Some graphs during the backups of system-drive only VMs

Graphs are always nice to show. I took some screenshots of the VI client’s performance graphs during backup:

CPU usage of the Veeam VM during backup of multiple VMs.
Note that each full backup (8-10GB; no CBT) takes about 10 minutes

Source disk read speed performed by the Veeam VM during backup of multiple VMs

Latency of the target IX2-200 NAS when writing VM backups

Some graphs during the backup of the file server data disk

The file server data disk is different. It is a very large disk (over 900 GB), with no empty blocks (at least not in the first 800 GB of the disk). Now the performance sank back to 6 MB/s. I am still trying to figure out why the backup speed is lower here. I think the absence of empty blocks is to blame. Anyway, it really shows how continuous full backup performs. Some graphs to show what is going on:

Continuous CPU usage during the backup of the file server data disk

Readytimes of both vCPU cores during backup
Readytimes of both vCPU cores during backup (remember to divide these values by 20!)

Waittimes of both vCPU cores during backup
Waittimes of both vCPU cores during backup (remember to divide these values by 20!)

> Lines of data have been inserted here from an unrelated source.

lemma measure_rev_reach_eq:
  assumes "finite V" "\<forall>v\<in>V. d v \<le> card V" "B \<subseteq> S" "S \<subseteq> V"
  shows "measure_pmf.prob (graph_pmf V d) {G. rev_reach G V B = S}
     = R_prob V d B (profile V d S) * (\<Prod>j\<in>d ` V.
         (real ((card V - card S) choose j) / real (card V choose j)) ^ (cnt_deg V d j - cnt_deg S d j))"
proof -
  define q where "q j = real ((card V - card S) choose j) / real (card V choose j)" for j
  have "card (V - S) = card V - card S" using assms(1,4) by (simp add: card_Diff_subset finite_subset)
  then have "(\<Prod>w\<in>V - S. real (card (V - S) choose d w) / real (card V choose d w))
      = (\<Prod>w\<in>V - S. q (d w))"
    by (simp add: q_def)
  also have "\<dots> = (\<Prod>j\<in>d ` V. q j ^ cnt_deg (V - S) d j)"
    by (rule prod_eq_prod_cnt_deg[OF assms(1)]) auto
  also have "\<dots> = (\<Prod>j\<in>d ` V. q j ^ (cnt_deg V d j - cnt_deg S d j))"
    using cnt_deg_Diff[OF assms(1,4)] by simp
  finally have prod: "(\<Prod>w\<in>V - S. real (card (V - S) choose d w) / real (card V choose d w))
      = (\<Prod>j\<in>d ` V. q j ^ (cnt_deg V d j - cnt_deg S d j))" .
  have "{G. rev_reach G V B = S} = {G. reaches_inside G S B \<and> (\<forall>w\<in>V - S. G w \<inter> S = {})}"
    using rev_reach_eq_iff[OF assms(3,4)] by blast
  then show ?thesis
    using measure_reaches_inside_no_edges_into[OF assms(1,2,4), of B] R_prob_profile[OF assms] prod
    unfolding q_def by simp
qed

section \<open>Counting sets and degree profiles\<close>

lemma bij_betw_fibres:
  assumes "d ` X \<subseteq> J"
  shows "bij_betw (\<lambda>T. restrict (\<lambda>j. {x\<in>T. d x = j}) J)
     {T. T \<subseteq> X \<and> (\<forall>j\<in>J. cnt_deg T d j = m j)}
     (PiE J (\<lambda>j. {Y. Y \<subseteq> {x\<in>X. d x = j} \<and> card Y = m j}))"
    (is "bij_betw ?f ?T ?P")
proof (rule bij_betw_byWitness[where f' = "\<lambda>Q. \<Union>j\<in>J. Q j"])
  have fibre_Union: "{x \<in> (\<Union>i\<in>J. Q i). d x = j} = Q j" if "Q \<in> ?P" "j \<in> J" for Q j
    using that by (auto simp: PiE_def Pi_def)
  show "\<forall>T\<in>?T. (\<Union>j\<in>J. ?f T j) = T" using assms by auto
  show "\<forall>Q\<in>?P. ?f (\<Union>j\<in>J. Q j) = Q"
  proof
    fix Q assume Q: "Q \<in> ?P"
    show "?f (\<Union>j\<in>J. Q j) = Q"
    proof
      fix j show "?f (\<Union>j\<in>J. Q j) j = Q j"
        using fibre_Union[OF Q] Q by (cases "j \<in> J") (auto simp: PiE_def extensional_def)
    qed
  qed
  show "?f ` ?T \<subseteq> ?P" unfolding cnt_deg_def by auto
  show "(\<lambda>Q. \<Union>j\<in>J. Q j) ` ?P \<subseteq> ?T"
  proof
    fix T assume "T \<in> (\<lambda>Q. \<Union>j\<in>J. Q j) ` ?P"
    then obtain Q where Q: "Q \<in> ?P" and T: "T = (\<Union>j\<in>J. Q j)" by blast
    have "T \<subseteq> X" using Q unfolding T by auto
    moreover have "cnt_deg T d j = m j" if "j \<in> J" for j
      using fibre_Union[OF Q that] Q that unfolding T cnt_deg_def by auto
    ultimately show "T \<in> ?T" by blast
  qed
qed

lemma card_subsets_with_cnt_deg:
  assumes "finite X" "finite J" "d ` X \<subseteq> J"
  shows "card {T. T \<subseteq> X \<and> (\<forall>j\<in>J. cnt_deg T d j = m j)} = (\<Prod>j\<in>J. cnt_deg X d j choose m j)"
proof -
  have "card {T. T \<subseteq> X \<and> (\<forall>j\<in>J. cnt_deg T d j = m j)}
      = card (PiE J (\<lambda>j. {Y. Y \<subseteq> {x\<in>X. d x = j} \<and> card Y = m j}))"
    using bij_betw_fibres[OF assms(3)] by (rule bij_betw_same_card)
  also have "\<dots> = (\<Prod>j\<in>J. cnt_deg X d j choose m j)"
    using assms(1,2) by (simp add: card_PiE n_subsets cnt_deg_def)
  finally show ?thesis .
qed

lemma card_eq_sum_profile:
  assumes "finite V" "S \<subseteq> V"
  shows "card S = sum (profile V d S) (d ` V)"
  unfolding card_eq_sum_cnt_deg[OF assms, of d] profile_def by simp

lemma profile_in_tuples:
  assumes "finite V" "B \<subseteq> S" "S \<subseteq> V" "card S = k"
  shows "profile V d S \<in> tuples V d B k"
proof -
  have "finite S" using assms(1,3) by (rule finite_subset[rotated])
  then have "cnt_deg B d j \<le> cnt_deg S d j" "cnt_deg S d j \<le> cnt_deg V d j" for j
    using assms(1-3) by (simp_all add: cnt_deg_mono)
  moreover have "sum (profile V d S) (d ` V) = k"
    using card_eq_sum_profile[OF assms(1,3)] assms(4) by simp
  ultimately show ?thesis unfolding tuples_def by (simp add: profile_def)
qed

lemma profile_eq_tuple_iff:
  assumes "kk \<in> tuples V d B k"
  shows "profile V d S = kk \<longleftrightarrow> (\<forall>j\<in>d ` V. cnt_deg S d j = kk j)"
proof
  show "\<forall>j\<in>d ` V. cnt_deg S d j = kk j" if "profile V d S = kk"
  proof
    fix j assume "j \<in> d ` V"
    then show "cnt_deg S d j = kk j" using fun_cong[OF that, of j] by (simp add: profile_def)
  qed
  show "profile V d S = kk" if "\<forall>j\<in>d ` V. cnt_deg S d j = kk j"
  proof
    fix j show "profile V d S j = kk j"
      using that assms unfolding profile_def tuples_def by (cases "j \<in> d ` V") auto
  qed
qed

lemma card_sets_with_profile:
  assumes "finite V" "B \<subseteq> V" "kk \<in> tuples V d B k"
  shows "card {S. B \<subseteq> S \<and> S \<subseteq> V \<and> profile V d S = kk}
       = (\<Prod>j\<in>d ` V. (cnt_deg V d j - cnt_deg B d j) choose (kk j - cnt_deg B d j))"
proof -
  define F where "F = {S. B \<subseteq> S \<and> S \<subseteq> V \<and> profile V d S = kk}"
  define T where "T = {T. T \<subseteq> V - B \<and> (\<forall>j\<in>d ` V. cnt_deg T d j = kk j - cnt_deg B d j)}"
  have in_F: "S \<in> F \<longleftrightarrow> B \<subseteq> S \<and> S \<subseteq> V \<and> S - B \<in> T" for S
  proof -
    have "cnt_deg S d j = kk j \<longleftrightarrow> cnt_deg (S - B) d j = kk j - cnt_deg B d j"
      if "B \<subseteq> S" "S \<subseteq> V" "j \<in> d ` V" for j
    proof -
      have "finite S" using assms(1) that(2) by (rule finite_subset[rotated])
      moreover have "cnt_deg B d j \<le> kk j" using assms(3) that(3) unfolding tuples_def by blast
      ultimately show ?thesis
        using cnt_deg_Diff[of S B d j] cnt_deg_mono[of S B d j] that(1) by linarith
    qed
    then show ?thesis
      unfolding F_def T_def profile_eq_tuple_iff[OF assms(3)] by blast
  qed
  have "bij_betw (\<lambda>S. S - B) F T"
  proof (rule bij_betw_byWitness[where f' = "\<lambda>T. B \<union> T"])
    show "\<forall>S\<in>F. B \<union> (S - B) = S" unfolding F_def by blast
    show "\<forall>X\<in>T. B \<union> X - B = X" unfolding T_def by blast
    show "(\<lambda>S. S - B) ` F \<subseteq> T" using in_F by blast
    show "(\<lambda>X. B \<union> X) ` T \<subseteq> F"
    proof
      fix S assume "S \<in> (\<lambda>X. B \<union> X) ` T"
      then obtain X where "X \<in> T" "S = B \<union> X" by blast
      moreover have "B \<union> X - B = X" "X \<subseteq> V" using \<open>X \<in> T\<close> unfolding T_def by blast+
      ultimately show "S \<in> F" using in_F assms(2) by simp
    qed
  qed
  then have "card F = card T" by (rule bij_betw_same_card)
  also have "\<dots> = (\<Prod>j\<in>d ` V. cnt_deg (V - B) d j choose (kk j - cnt_deg B d j))"
    unfolding T_def using assms(1) by (intro card_subsets_with_cnt_deg) auto
  finally show ?thesis unfolding F_def using cnt_deg_Diff[OF assms(1,2)] by simp
qed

Disk I/O during the backup of the file server datadisk


Looking back at the backup performance, I am convinced my poor CPU capacity is limiting my throughput. Right now I do not have access to a dual quadcore Nehalem server or the like, but I’m sure backups would fly then. I am glad to see though, that I did not configure jumbo frames for nothing: I got a 27% gain out of it.

Unfortunately it is hard to say what any random environment will gain from using jumbo frames. It might be that jumbo frames use just a little less CPU overhead, which boosts performance significantly in this setup. On bigger servers (read: more and faster cores) the difference might not be this significant. Still I would recommend to test it before taking your backup solution into production. As an added bonus you get the hang of your backup software before you start using it seriously: Better to tune in advance then have to troubleshoot later!